Class # 1: Economic Rationale for Public Sector Roles and Interventions
Huynh The Du
* Market failures due to market power, asymmetric information, externality, public goods, equality, macro imbalances
* Correct market failures and mobilize resources for the public sector operation
* The changing role of government in transitional economies
Readings:
1. Joseph E. Stiglitz (2000), Chapter 1
2. Huynh The Du (2013), The role and the nature of the state
POLICY MEMO #1 (THE BIG DIG) DISTRIBUTED, DUE ON 2/4.
Class # 2: Public Choice
Huynh The Du
* Differences between collective actions and individual actions
* Government models
Readings:
1. Huynh The Du and Do Thien Anh Tuan (2014), "Public Investment and Problem of Lobster Budger", pg. 1-6.
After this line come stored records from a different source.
(* Let $R$ be a commutative ring, $S$ a subring of $R$, $I$ an ideal of $S$, $n\ge1$, and $f\in(T_n(R))[x]$. Then \[f\in\mathrm{Int}_{T_n(R)}(T_n(S),T_n(I))\iff f_{ij}\in\mathrm{Int}_R(T_{n-j+1}(S),T_{n-j+1}(I))\text{ for all }1\le i\le j\le n,\] and \[f\in\mathrm{Int}^{\ell}_{T_n(R)}(T_n(S),T_n(I))\iff f_{ij}\in\mathrm{Int}_R(T_{i}(S),T_{i}(I))\text{ for all }1\le i\le j\le n.\]
   Context: $T_n(A)$ denotes the ring of upper triangular $n\times n$ matrices over a ring $A$. For $f=\sum_k F_kx^k\in(T_n(R))[x]$ with $F_k\in T_n(R)$, right substitution is $f(C)=\sum_kF_kC^k$ and left substitution is $f(C)_\ell=\sum_kC^kF_k$. Writing $f_{ij}^{(k)}$ for the $(i,j)$-entry of $F_k$, set $f_{ij}=\sum_k f_{ij}^{(k)}x^k\in R[x]$ (so $f_{ij}=0$ for $i>j$). Definitions: $\mathrm{Int}_R(T_m(S),T_m(I))=\{g\in R[x]\mid \forall C\in T_m(S):\ g(C)\in T_m(I)\}$ (usual evaluation); $\mathrm{Int}_{T_n(R)}(T_n(S),T_n(I))=\{f\in(T_n(R))[x]\mid\forall C\in T_n(S):\ f(C)\in T_n(I)\}$; $\mathrm{Int}^{\ell}_{T_n(R)}(T_n(S),T_n(I))=\{f\in(T_n(R))[x]\mid\forall C\in T_n(S):\ f(C)_\ell\in T_n(I)\}$. *)

theory Defs
  imports "Jordan_Normal_Form.Matrix" "HOL-Computational_Algebra.Polynomial"
begin

text \<open>Matrices are 0-indexed (JNF).  T_m(A): upper triangular m x m matrices with entries in A.\<close>
definition Tmat :: "nat \<Rightarrow> 'a::comm_ring_1 set \<Rightarrow> 'a mat set" where
  "Tmat m A = {C \<in> carrier_mat m m. upper_triangular C \<and> (\<forall>i<m. \<forall>j<m. C $$ (i,j) \<in> A)}"

definition is_subring :: "'a::comm_ring_1 set \<Rightarrow> bool" where
  "is_subring S \<longleftrightarrow> 0 \<in> S \<and> 1 \<in> S \<and> (\<forall>a\<in>S. \<forall>b\<in>S. a + b \<in> S \<and> - a \<in> S \<and> a * b \<in> S)"

definition is_ideal_of :: "'a::comm_ring_1 set \<Rightarrow> 'a set \<Rightarrow> bool" where
  "is_ideal_of I S \<longleftrightarrow> I \<subseteq> S \<and> 0 \<in> I \<and> (\<forall>a\<in>I. \<forall>b\<in>I. a + b \<in> I \<and> - a \<in> I)
      \<and> (\<forall>s\<in>S. \<forall>a\<in>I. s * a \<in> I)"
2. Joseph E. Stiglitz (2000), Chapter 7
3. Xuan Trung – Quang Thien (2005), Dumping coal, Excerpt in Nights before Doi Moi, Tuoi Tre Newspaper (distributed in class).
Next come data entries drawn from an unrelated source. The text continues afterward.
theorem proposition10:
  fixes m :: nat and nb :: nat
    and tc :: "'i::finite"
    and Y Zh :: "nat \<Rightarrow> 'i set"
    and U :: "(real ^ 'i) set"
    and w :: "nat \<Rightarrow> 'i \<Rightarrow> real ^ 'i \<Rightarrow> real ^ 'i"
    and S :: "nat \<Rightarrow> (real ^ 'i \<Rightarrow> real ^ 'i) set"
  assumes m2: "m \<ge> 2" and nb_def: "nb = m - 1"
    and blk_disj: "\<forall>k\<in>{1..m}. Y k \<inter> Zh k = {}"
    and blk_disj2: "\<forall>k\<in>{1..m}. \<forall>l\<in>{1..m}. k \<noteq> l \<longrightarrow> (Y k \<union> Zh k) \<inter> (Y l \<union> Zh l) = {}"
    and blk_cover: "(\<Union>k\<in>{1..m}. Y k \<union> Zh k) = UNIV - {tc}"
    and first_blk: "Zh 1 = {}" and last_blk: "Y m = {}"
    and U_open: "open U"
    and w_smooth: "\<forall>i\<in>{1..nb}. \<forall>j\<in>Zh (Suc i). smooth_map_on U (w i j)"
    and w_support: "\<forall>i\<in>{1..nb}. \<forall>j\<in>Zh (Suc i). \<forall>p\<in>U. \<forall>c.
        c \<notin> (\<Union>k\<in>{1..i}. Y k \<union> Zh k) \<and> c \<noteq> tc \<longrightarrow> w i j p $ c = 0"
    and w_depends: "\<forall>i\<in>{1..nb}. \<forall>j\<in>Zh (Suc i). \<forall>p\<in>U. \<forall>q\<in>U.
        (\<forall>c\<in>(\<Union>k\<in>{1..i}. Y k \<union> Zh k) \<union> Zh (Suc i). p $ c = q $ c) \<longrightarrow> w i j p = w i j q"
    and jac_regular: "\<forall>i\<in>{1..nb}. \<forall>p\<in>U. \<forall>v. v $ tc = 1 \<longrightarrow>
        regular_mat (Zh (Suc i)) (Zh (Suc i)) (\<lambda>j h. pd h (\<lambda>q. w i j q \<bullet> v) p)"
    and S_def: "\<forall>k. S k = {w i j | i j. i \<in> {1..nb - k} \<and> j \<in> Zh (Suc i)}"
  shows
    "(\<forall>k<nb. involutive U (coord_dist (Zh (m - k)))
          \<and> (\<forall>p\<in>U. coord_dist (Zh (m - k)) p \<subseteq> vert_annih tc (S k) p)
          \<and> (\<forall>c\<in>Zh (m - k). cauchy_char U (S (Suc k)) (\<lambda>p. axis c 1)))
     \<and> (\<forall>k\<in>{1..nb}. parameterizable tc U (Zh (Suc k)) (w k) (Zh (Suc k))
          \<and> locally_solvable tc U (Zh (Suc k)) (w k) (Zh (Suc k)) (\<Union>l\<in>{1..k}. Y l \<union> Zh l))
     \<and> (\<forall>k\<in>{1..m}. \<forall>c\<in>Y k. cauchy_char U (S (m - k)) (\<lambda>p. axis c 1))"
proof -
  \<comment> \<open>m \<ge> 2, Zh 1 = {} and Y m = {} only fix the block format of the paper.\<close>
  interpret triangular_pfaffian_system m nb tc Y Zh U w S
    by unfold_locales
      (fact nb_def blk_disj blk_disj2 blk_cover U_open w_smooth w_support w_depends jac_regular S_def)+
  show ?thesis
    using involutive_coord_dist[OF U_open] coord_dist_subset_vert_annih_S cauchy_char_hat_coord
      parameterizable_block locally_solvable_block cauchy_char_y_coord
    by blast
qed

end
The course examines policy options, with their strategic trade-offs and operational implications, for the design and implementation of public sector roles and public interventions in an economy. The first part focuses on the public resource mobilization via three main sources including taxes, user charges and borrowing. The second part introduces the rationale for the public sector intervention, ways to correct market failures in a complete spectrum including: public sector production and provision, state-owned enterprises, private sector participation or public private partnership, and regulation. This part also analyses the political economy of the public sector, measurement of government intervention efficiency, the despair cycle: from the market failures to government failures and vice versa. The final part looks at the roles of different government levels and intergovernmental relations. The course emphasizes utilization of theoretical and applied techniques in a comparative context for evaluation of the impact of alternative resource mobilization and expenditure policies on efficient allocation, social equity, and economic stability.